I know that I've gotten much different results than others with the
Hieronymiella aurea that was distributed last year around this time, another
tender bulb.  I believe I got the same large, flat black seeds as everyone
else.  What I did with them may have been different - and this does concern
overwintering lest readers think I'm straying from the topic.  I only had 2
plants that really took off.  One I planted out in the garden.  The other I
kept under lights in the basement.  The garden plant had trouble keeping
foliage up, just as with the Griffinia.  The plant indoors under lights in a
relatively cool basement grew much better, faster, and kept its leaves.  When
fall came I potted up the tiny bulb outside and brought it under the lights
inside for the winter.  Neither bulb has gone dormant during the winter, having
continued to actively grow instead.  The bulb previously outside has made
several times the progress it made outdoors last spring and summer inside over
the winter.  Both have long leaves about an inch wide, unlike the "thread-like"
foliage appearance others have noted.  They don't mind being dry at all, and
staying moist doesn't seem to hurt them either.

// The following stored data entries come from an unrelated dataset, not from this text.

lemma contraction_pattern_remove_point:
  assumes "distinct (a # xs)"
  defines "\<omega> \<equiv> cycle_of_list (a # xs)"
  shows "contraction_pattern (cyc_len \<omega>) (cyc_len (remove_point a \<omega>)) \<omega> \<omega> (remove_point a \<omega>)"
proof (cases xs)
  case Nil
  then show ?thesis by (simp add: \<omega>_def contraction_pattern_def remove_point_def is_cycle_def)
next
  case Cons
  have "remove_point a \<omega> = cycle_of_list xs"
    using assms(1) by (simp add: \<omega>_def remove_point_cycle_of_list)
  moreover have "cyc_len \<omega> = Suc (length xs)"
    unfolding \<omega>_def cyc_len_cycle_of_list[OF assms(1)] using Cons by simp
  ultimately show ?thesis using assms(1)
    by (auto simp: contraction_pattern_def cyc_len_cycle_of_list is_cycle_cycle_of_list)
qed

I also started various Rhodophialas from BX seed last spring, and have grown
them inside under lights over the winter.  R. granatiflora germinated best,
likely 100%, and has grown especially well inside.  Some R. advena went
dormant, others didn't.

Flowering sized bulbs of Rhodophiala bifida survive well in the open garden,
where they've dug themselves down to a depth of 8 inches/20 cm, which is well
below the frost line.  The foliage is damaged by winter conditions, but the
plant doesn't seem to mind, simply growing more as the weather improves toward
spring.

Amaryllis belladonna survives outside the same way, although the depth at which
it's planted seems more critical.  While the surviving plant does better every
year, it has yet to bloom for me.

With a bit of experimentation and luck, even under less than ideal conditions
tender bulbs can be grown, and even flourish, here in zone 7b.